Personal information
- Full name: Juan Pablo Pumpido
- Date of birth: 21 December 1982 (age 42)
- Place of birth: Santa Fe, Argentina
- Position: Midfielder

Youth career
- Years: Team
- Unión Santa Fe
- Platense
- San Lorenzo

Managerial career
- 2007–2010: Santa Fe FC
- 2010–2011: Independiente Rivadavia (assistant)
- 2011: Unión Santa Fe (youth)
- 2012: Godoy Cruz (assistant)
- 2012: Unión Santa Fe (assistant)
- 2013–2014: Unión Santa Fe (youth)
- 2014–2015: Olimpia (assistant)
- 2015–2016: Unión Santa Fe (youth)
- 2016: Unión Santa Fe (interim)
- 2017: Unión Santa Fe
- 2017–2018: Patronato
- 2019–2020: Alvarado
- 2021–2022: Sol de América
- 2022: Sportivo Ameliano
- 2023: Guaraní
- 2023–2024: Nacional Asunción
- 2024–2025: Sportivo Luqueño

= Juan Pablo Pumpido =

Argentine football manager

Juan Pablo Pumpido (born 21 December 1982) is an Argentine football manager.

==Career==
Pumpido was born in Santa Fe. After playing youth football at Unión de Santa Fe, Platense and San Lorenzo, he retired at the age of 21 and studied to become a sports journalist.

In 2005, Pumpido joined Santa Fe Fútbol Club as a sporting manager, and was later named first team manager of the club in 2007. In March 2010, he left to become an assistant of Roberto Trotta (one of the founders of Santa Fe FC) at Independiente Rivadavia.

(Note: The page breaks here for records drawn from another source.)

text \<open>A codeword \<open>u [I | T]\<close>, \<open>T\<close> the tridiagonal Toeplitz matrix, lies in the dual code iff
  \<open>(I + T^2) u = 0\<close>. With \<open>\<mu>^2 = -1\<close> we have \<open>I + T^2 = (T + \<mu>) (T - \<mu>)\<close>, and a tridiagonal
  Toeplitz matrix with diagonal \<open>\<alpha>\<close> and off-diagonal \<open>\<beta> \<noteq> 0\<close> is singular iff \<open>U_N(\<alpha>/(2\<beta>)) = 0\<close>,
  \<open>U_N\<close> the Chebyshev polynomial of the second kind, because a kernel vector obeys the Chebyshev
  recurrence. In characteristic \<open>p\<close> with \<open>N + 1 = p^r (m + 1)\<close>, \<open>U_N(x/2) = 0\<close> makes
  \<open>X^2 - x X + 1\<close> divide \<open>X^(2(N+1)) - 1 = (X^(2(m+1)) - 1)^(p^r)\<close>, so \<open>x = \<theta>^i + \<theta>^-i\<close>. The
  hypothesis on \<open>a/b\<close> excludes exactly these values, hence the code is LCD.

  An isometry turns inner products into traces, \<open>\<pi> x \<bullet> \<pi> y = Tr(x y)\<close>. The trace form is
  nondegenerate and the code is linear over the large field, so its image under \<open>\<pi>\<close> applied
  symbol-wise is again LCD, and each differing symbol contributes at least \<open>d\<close> to the distance.\<close>

section \<open>Chebyshev polynomials and their roots in characteristic \<open>p\<close>\<close>

text \<open>\<open>cheb x j = U_j(x/2)\<close>; it is also the determinant of the \<open>j \<times> j\<close> tridiagonal Toeplitz matrix
  with diagonal \<open>x\<close> and off-diagonal \<open>1\<close>.\<close>

fun cheb :: "'c::comm_ring_1 \<Rightarrow> nat \<Rightarrow> 'c" where
  "cheb x 0 = 1"
| "cheb x (Suc 0) = x"
| "cheb x (Suc (Suc j)) = x * cheb x (Suc j) - cheb x j"

lemma cheb_cassini: "cheb x (Suc j) ^ 2 - cheb x (Suc (Suc j)) * cheb x j = 1"
  by (induction j) (simp_all add: power2_eq_square algebra_simps)

lemma cheb_minus: "cheb (- x) j = (- 1) ^ j * cheb x j"
  by (induction x j rule: cheb.induct) (auto simp: algebra_simps)

lemma cheb_two: "cheb 2 j = of_nat (j + 1)"
  by (induction "2::'c::comm_ring_1" j rule: cheb.induct) (auto simp: algebra_simps)

lemma X_power_mod_cheb:
  fixes x :: "'c::comm_ring_1"
  shows "[:1, - x, 1:] dvd [:0, 1:] ^ Suc (Suc j) - [:- cheb x j, cheb x (Suc j):]"
proof (induction j)
  case 0
  show ?case by (simp add: power2_eq_square)
next
  case (Suc j)
  have eq: "[:0, 1:] ^ Suc (Suc (Suc j)) - [:- cheb x (Suc j), cheb x (Suc (Suc j)):]
      = [:0, 1:] * ([:0, 1:] ^ Suc (Suc j) - [:- cheb x j, cheb x (Suc j):])
        + Polynomial.smult (cheb x (Suc j)) [:1, - x, 1:]"
    by (simp add: algebra_simps)
  show ?case
    unfolding eq by (rule dvd_add[OF dvd_mult[OF Suc.IH] Polynomial.dvd_smult[OF dvd_refl]])
qed

lemma cheb_zero_imp_dvd_X_power_minus_one:
  fixes x :: "'c::comm_ring_1"
  assumes "cheb x N = 0"
  shows "[:1, - x, 1:] dvd [:0, 1:] ^ (2 * (N + 1)) - 1"
proof -
  obtain n where N: "N = Suc n"
    using assms by (cases N) auto
  define c where "c = cheb x n"
  have "cheb x (Suc (Suc n)) = - c"
    using assms by (simp add: N c_def)
  then have c2: "c * c = 1"
    using cheb_cassini[of x n] assms by (simp add: N c_def power2_eq_square)
  have dvd: "[:1, - x, 1:] dvd [:0, 1:] ^ (N + 1) - [:- c:]"
    using X_power_mod_cheb[of x n] assms by (simp add: N c_def)
  have difference_of_squares: "Z ^ (2 * (N + 1)) - 1 = (Z ^ (N + 1) - C) * (Z ^ (N + 1) + C)"
    if "C * C = 1" for Z C :: "'c poly"
    using that by (simp add: algebra_simps power_mult mult.commute[of 2] power2_eq_square)
  have factor: "[:0, 1:] ^ (2 * (N + 1)) - 1
      = ([:0, 1:] ^ (N + 1) - [:- c:]) * ([:0, 1:] ^ (N + 1) + [:- c:])"
  proof (rule difference_of_squares)
    show "[:- c:] * [:- c:] = 1"
      using c2 by (simp flip: one_pCons)
  qed
  show ?thesis
    unfolding factor by (rule dvd_mult2[OF dvd])
qed

lemma prod_X_minus_powers_dvd:
  fixes \<theta> :: "'c::idom"
  assumes "\<theta> ^ M = 1" and "\<And>j. 0 < j \<Longrightarrow> j < M \<Longrightarrow> \<theta> ^ j \<noteq> 1" and "k \<le> M"
  shows "(\<Prod>i<k. [:- (\<theta> ^ i), 1:]) dvd [:0, 1:] ^ M - 1"
  using assms(3)
proof (induction k)
  case 0
  then show ?case by simp
next
  case (Suc k)
  then obtain R where R: "[:0, 1:] ^ M - 1 = (\<Prod>i<k. [:- (\<theta> ^ i), 1:]) * R"
    by auto
  have "\<theta> \<noteq> 0"
    using assms(1) Suc.prems by (cases M) auto
  have "\<theta> ^ k \<noteq> \<theta> ^ i" if "i < k" for i
  proof
    assume "\<theta> ^ k = \<theta> ^ i"
    then have "\<theta> ^ i * \<theta> ^ (k - i) = \<theta> ^ i * 1"
      using that by (simp flip: power_add)
    then show False
      using assms(2)[of "k - i"] \<open>\<theta> \<noteq> 0\<close> that Suc.prems by simp
  qed
  then have "poly (\<Prod>i<k. [:- (\<theta> ^ i), 1:]) (\<theta> ^ k) \<noteq> 0"
    by (simp add: poly_prod)
  moreover have "poly ([:0, 1:] ^ M - 1) (\<theta> ^ k) = 0"
    using assms(1) by (simp add: poly_power flip: power_mult) (simp add: mult.commute power_mult)
  ultimately have "poly R (\<theta> ^ k) = 0"
    by (simp add: R)
  then obtain R' where "R = [:- (\<theta> ^ k), 1:] * R'"
    by (auto simp: poly_eq_0_iff_dvd)
  then have "[:0, 1:] ^ M - 1 = (\<Prod>i<Suc k. [:- (\<theta> ^ i), 1:]) * R'"
    by (simp only: R prod.lessThan_Suc mult.assoc)
  then show ?case
    by (metis dvd_triv_left)
qed

lemma minus_one_power_CHAR:
  assumes "CHAR('a::comm_ring_1) = p" and "prime p"
  shows "(- 1 :: 'a) ^ (p ^ r) = - 1"
proof -
  have "(1 + (- 1 :: 'a)) ^ (p ^ r) = 1 ^ (p ^ r) + (- 1) ^ (p ^ r)"
    by (rule freshmans_dream') (use assms in simp_all)
  then show ?thesis
    using prime_gt_0_nat[OF assms(2)] by (simp add: eq_neg_iff_add_eq_0 add.commute power_0_left)
qed

lemma X_power_minus_one_power_CHAR:
  assumes "CHAR('a::comm_ring_1) = p" and "prime p"
  shows "([:0, 1:] ^ M - 1 :: 'a poly) ^ (p ^ r) = [:0, 1:] ^ (M * p ^ r) - 1"
proof -
  have CHAR: "CHAR('a poly) = p"
    using assms by simp
  have "([:0, 1:] ^ M + (- 1) :: 'a poly) ^ (p ^ r) = ([:0, 1:] ^ M) ^ (p ^ r) + (- 1) ^ (p ^ r)"
    by (rule freshmans_dream') (use CHAR assms in simp_all)
  then show ?thesis
    using minus_one_power_CHAR[OF CHAR assms(2)] by (simp add: power_mult)
qed

lemma X_power_minus_one_eq_prod:
  fixes \<theta> :: "'c::field"
  assumes "M > 0" and "\<theta> ^ M = 1" and "\<And>j. 0 < j \<Longrightarrow> j < M \<Longrightarrow> \<theta> ^ j \<noteq> 1"
  shows "[:0, 1:] ^ M - 1 = (\<Prod>i<M. [:- (\<theta> ^ i), 1:])"
proof -
  define P where "P = (\<Prod>i<M. [:- (\<theta> ^ i), 1:])"
  obtain R where R: "[:0, 1:] ^ M - 1 = P * R"
    using prod_X_minus_powers_dvd[OF assms(2,3), of M] unfolding P_def by auto
  have "[:0, 1:] ^ M - 1 = Polynomial.monom (1::'c) M + (- 1)"
    by (simp add: monom_altdef)
  moreover have deg_monic: "degree (Polynomial.monom (1::'c) M + (- 1)) = M"
    using \<open>M > 0\<close> by (subst degree_add_eq_left) (simp_all add: degree_monom_eq)
  moreover have "lead_coeff (Polynomial.monom (1::'c) M + (- 1)) = 1"
    using \<open>M > 0\<close> by (simp only: deg_monic) simp
  ultimately have deg: "degree (P * R) = M" and lc: "lead_coeff (P * R) = 1"
    by (simp_all only: R)
  have "P \<noteq> 0" "degree P = M"
    unfolding P_def by (simp_all add: degree_prod_eq_sum_degree)
  moreover have "lead_coeff P = 1"
    unfolding P_def by (simp only: lead_coeff_prod) simp
  moreover have "R \<noteq> 0"
    using deg \<open>M > 0\<close> by auto
  ultimately have "degree R = 0"
    using deg by (simp add: degree_mult_eq)
  moreover have "lead_coeff R = 1"
    using lc \<open>lead_coeff P = 1\<close> by (simp only: lead_coeff_mult mult_1)
  ultimately have "R = 1"
    by (elim degree_eq_zeroE) (simp add: one_pCons)
  then show ?thesis
    using R P_def by simp
qed
theorem theorem5p7:
  shows "(\<lambda>a::nat. real (card {fib n mod 11 ^ a | n. True}) / real (11 ^ a))
           \<longlonglongrightarrow> 145 / 264"
proof (rule tendsto_sandwich)
  show "\<forall>\<^sub>F a in sequentially. 145 / 264 \<le> real (card {fib n mod 11 ^ a | n. True}) / real (11 ^ a)"
    using fib_residue_density_bounds(1) by (intro eventually_sequentiallyI[of 2])
  show "\<forall>\<^sub>F a in sequentially.
      real (card {fib n mod 11 ^ a | n. True}) / real (11 ^ a) \<le> 145 / 264 + (1 / 11) ^ a"
    using fib_residue_density_bounds(2) by (intro eventually_sequentiallyI[of 2])
  show "(\<lambda>a. 145 / 264 + (1 / 11) ^ a) \<longlonglongrightarrow> (145 / 264 :: real)"
    using tendsto_add[OF tendsto_const LIMSEQ_power_zero[of "1 / 11 :: real"]] by simp
qed simp

end
lemma closed_convex_cone_hull_coords_unit_generators:
  assumes "ordering_cone K" "closed K" "interior K \<noteq> {}"
  shows "closed (convex_cone hull (coords ` unit_generators K))"
proof -
  obtain w where "w \<in> interior K" using assms(3) by blast
  have "0 \<notin> coords ` (convex hull unit_generators K)"
    using zero_notin_convex_hull_unit_generators[OF assms(1) \<open>w \<in> interior K\<close>]
      coords_inject[of _ 0] linear_0[OF linear_coords] by (metis imageE)
  then have "0 \<notin> convex hull (coords ` unit_generators K)"
    by (simp add: convex_hull_linear_image[OF linear_coords])
  then show ?thesis
    unfolding convex_cone_hull_separate
    by (intro closed_insert closed_conic_hull)
      (simp add: compact_convex_hull compact_coords_unit_generators assms(2))
qed

lemma mem_pos_ops_if_nonneg_on_unit_generators:
  assumes K: "ordering_cone K" "closed K" and M: "\<forall>\<psi>\<in>unit_generators K. 0 \<le> \<psi> M"
  shows "M \<in> pos_ops K"
  unfolding pos_ops_def
proof (intro CollectI ballI mem_convex_cone_if_dual_nonneg convex_cone_if_ordering_cone K)
  fix x a assume "x \<in> K" and a: "\<forall>y\<in>K. 0 \<le> y \<bullet> a"
  show "0 \<le> M x \<bullet> a"
  proof (cases "x = 0 \<or> a = 0")
    case True then show ?thesis by (auto simp: blinfun.zero_right)
  next
    case False
    then have "norm x > 0" "norm a > 0" by auto
    have "x /\<^sub>R norm x \<in> K"
      using convex_cone_scaleR[OF convex_cone_if_ordering_cone[OF K(1)] _ \<open>x \<in> K\<close>] by simp
    with a False have "phi (x /\<^sub>R norm x) (blinfun_inner_left (a /\<^sub>R norm a)) \<in> unit_generators K"
      unfolding unit_generators_def by (intro image_eqI[of _ _ "(x /\<^sub>R norm x, a /\<^sub>R norm a)"]) auto
    then have "0 \<le> M (x /\<^sub>R norm x) \<bullet> (a /\<^sub>R norm a)" using M by fastforce
    also have "\<dots> = (M x \<bullet> a) / (norm x * norm a)"
      by (simp add: blinfun.scaleR_right divide_inverse_commute)
    finally have "0 \<le> (M x \<bullet> a) / (norm x * norm a)" .
    moreover have "0 < norm x * norm a" using \<open>norm x > 0\<close> \<open>norm a > 0\<close> by simp
    ultimately show ?thesis using divide_neg_pos[of "M x \<bullet> a" "norm x * norm a"] by linarith
  qed
qed

lemma dual_cone_pos_ops_subset_convex_cone_hull:
  assumes "ordering_cone K" "closed K" "interior K \<noteq> {}"
  shows "dual_cone (pos_ops K) \<subseteq> convex_cone hull unit_generators K"
proof
  fix \<phi> assume \<phi>: "\<phi> \<in> dual_cone (pos_ops K)"
  show "\<phi> \<in> convex_cone hull unit_generators K"
  proof (rule ccontr)
    let ?C = "convex_cone hull (coords ` unit_generators K)"
    assume "\<phi> \<notin> convex_cone hull unit_generators K"
    then have "coords \<phi> \<notin> ?C"
      unfolding convex_cone_hull_linear_image[OF linear_coords] by (auto dest: coords_inject)
    then obtain c where c: "c \<bullet> coords \<phi> < 0" "\<And>y. y \<in> ?C \<Longrightarrow> 0 \<le> c \<bullet> y"
      using separating_hyperplane_closed_convex_cone convex_cone_convex_cone_hull
        closed_convex_cone_hull_coords_unit_generators[OF assms] by blast
    have "\<forall>\<psi>\<in>unit_generators K. 0 \<le> \<psi> (op_of_coords c)"
      using c(2) by (simp add: apply_op_of_coords hull_inc)
    then have "op_of_coords c \<in> pos_ops K"
      by (rule mem_pos_ops_if_nonneg_on_unit_generators[OF assms(1,2)])
    with \<phi> have "0 \<le> \<phi> (op_of_coords c)" by (simp add: dual_cone_def)
    with c(1) show False by (simp add: apply_op_of_coords)
  qed
qed

lemma convex_hull_phi_subset_dual_cone_pos_ops:
  "convex hull {phi x x' | x x'. x \<in> K \<and> x' \<in> dual_cone K} \<subseteq> dual_cone (pos_ops K)"
proof (rule hull_minimal)
  show "{phi x x' | x x'. x \<in> K \<and> x' \<in> dual_cone K} \<subseteq> dual_cone (pos_ops K)"
    by (auto simp: dual_cone_def pos_ops_def)
  show "convex (dual_cone (pos_ops K))"
    by (auto simp: convex_def dual_cone_def blinfun.add_left blinfun.scaleR_left)
qed

lemma convex_cone_convex_hull_phi:
  assumes "convex_cone K"
  shows "convex_cone (convex hull {phi x x' | x x'. x \<in> K \<and> x' \<in> dual_cone K})"
proof -
  have "conic {phi x x' | x x'. x \<in> K \<and> x' \<in> dual_cone K}"
    using convex_cone_scaleR[OF assms] by (force simp: conic_def phi_scaleR_left[symmetric])
  moreover have "phi 0 0 \<in> {phi x x' | x x'. x \<in> K \<and> x' \<in> dual_cone K}"
    using convex_cone_contains_0[OF assms] by (force simp: dual_cone_def)
  ultimately show ?thesis
    by (auto simp: convex_cone_def conic_convex_hull hull_inc)
qed

theorem proposition2p3:
  fixes K :: "'a::euclidean_space set"
  assumes "ordering_cone K"
    and "closed K"
    and "interior K \<noteq> {}"
  shows "dual_cone (pos_ops K) = convex hull {phi x x' | x x'. x \<in> K \<and> x' \<in> dual_cone K}"
proof (rule antisym)
  have "dual_cone (pos_ops K) \<subseteq> convex_cone hull unit_generators K"
    using assms by (rule dual_cone_pos_ops_subset_convex_cone_hull)
  also have "\<dots> \<subseteq> convex hull {phi x x' | x x'. x \<in> K \<and> x' \<in> dual_cone K}"
    by (intro hull_minimal subset_trans[OF unit_generators_subset hull_subset]
        convex_cone_convex_hull_phi convex_cone_if_ordering_cone assms(1))
  finally show "dual_cone (pos_ops K) \<subseteq> convex hull {phi x x' | x x'. x \<in> K \<and> x' \<in> dual_cone K}" .
  show "convex hull {phi x x' | x x'. x \<in> K \<and> x' \<in> dual_cone K} \<subseteq> dual_cone (pos_ops K)"
    by (rule convex_hull_phi_subset_dual_cone_pos_ops)
qed

end
lemma norm_laurent_term_le:
  assumes w: "w \<in> annulus_A n"
  shows "cmod (laurent_term s j w) \<le> exp (real n) * (exp (real n * real j) * coord_norm 4 (s j))"
proof -
  let ?E = "exp (real n) ^ Suc j"
  have "w \<noteq> 0" and lo: "exp (- real n) \<le> cmod w" and hi: "cmod w \<le> exp (real n)"
    using w by (auto simp: annulus_A_def)
  have "1 / cmod w \<le> exp (real n)"
    using lo \<open>w \<noteq> 0\<close> by (simp add: divide_simps exp_minus) (metis exp_gt_zero mult.commute pos_divide_le_eq)
  then have "(1 / cmod w) ^ Suc j \<le> ?E"
    by (rule power_mono) simp
  then have "cmod (1 / w ^ Suc j) \<le> ?E"
    by (simp add: norm_divide norm_power power_one_over del: power_Suc)
  then have neg: "cmod (snd_of_coords (s j) / w ^ Suc j) \<le> cmod (snd_of_coords (s j)) * ?E"
    using mult_left_mono[OF _ norm_ge_zero] by (metis norm_mult times_divide_eq_right mult_1_right)
  have "cmod (w ^ j) \<le> exp (real n) ^ j"
    using hi by (simp add: norm_power power_mono)
  also have "\<dots> \<le> ?E"
    by (simp add: power_increasing)
  finally have pos: "cmod (fst_of_coords (s j) * w ^ j) \<le> cmod (fst_of_coords (s j)) * ?E"
    unfolding norm_mult by (rule mult_left_mono) simp
  have "cmod (laurent_term s j w) \<le> cmod (fst_of_coords (s j)) * ?E + cmod (snd_of_coords (s j)) * ?E"
    unfolding laurent_term_def using norm_triangle_ineq pos neg by (rule order_trans[OF _ add_mono])
  also have "\<dots> \<le> coord_norm 4 (s j) * ?E"
    using norm_fst_snd_of_coords_le[of "s j"] by (simp add: distrib_right[symmetric] mult_right_mono del: power_Suc)
  also have "?E = exp (real n) * exp (real n * real j)"
    by (simp add: exp_of_nat_mult[symmetric] mult.commute)
  finally show ?thesis
    by (simp add: mult_ac)
qed

lemma summable_norm_laurent_term:
  assumes s: "s \<in> Sigma_space V (coord_norm 4)" and w: "w \<noteq> 0"
  shows "summable (\<lambda>j. cmod (laurent_term s j w))"
proof -
  obtain n where n: "w \<in> annulus_A n"
    using in_some_annulus_A[OF w] .
  have "summable (\<lambda>j. exp (real n) * (exp (real n * real j) * coord_norm 4 (s j)))"
    using s by (intro summable_mult) (simp add: Sigma_space_def)
  then show ?thesis
    by (rule summable_comparison_test'[of _ 0]) (simp add: norm_laurent_term_le[OF n])
qed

In January 2012, after a brief period back at Unión as a manager of the club's sixth division, Pumpido joined his father's staff at Godoy Cruz. He then returned to Unión with his father in August, before taking over the club's fourth division in 2013.

Pumpido was also an assistant of his father at Paraguayan side Olimpia in 2014, before returning to Unión in November 2015. Initially a manager of the reserve side, he was named interim manager of the first team on 2 November 2016, after Leonardo Madelón resigned.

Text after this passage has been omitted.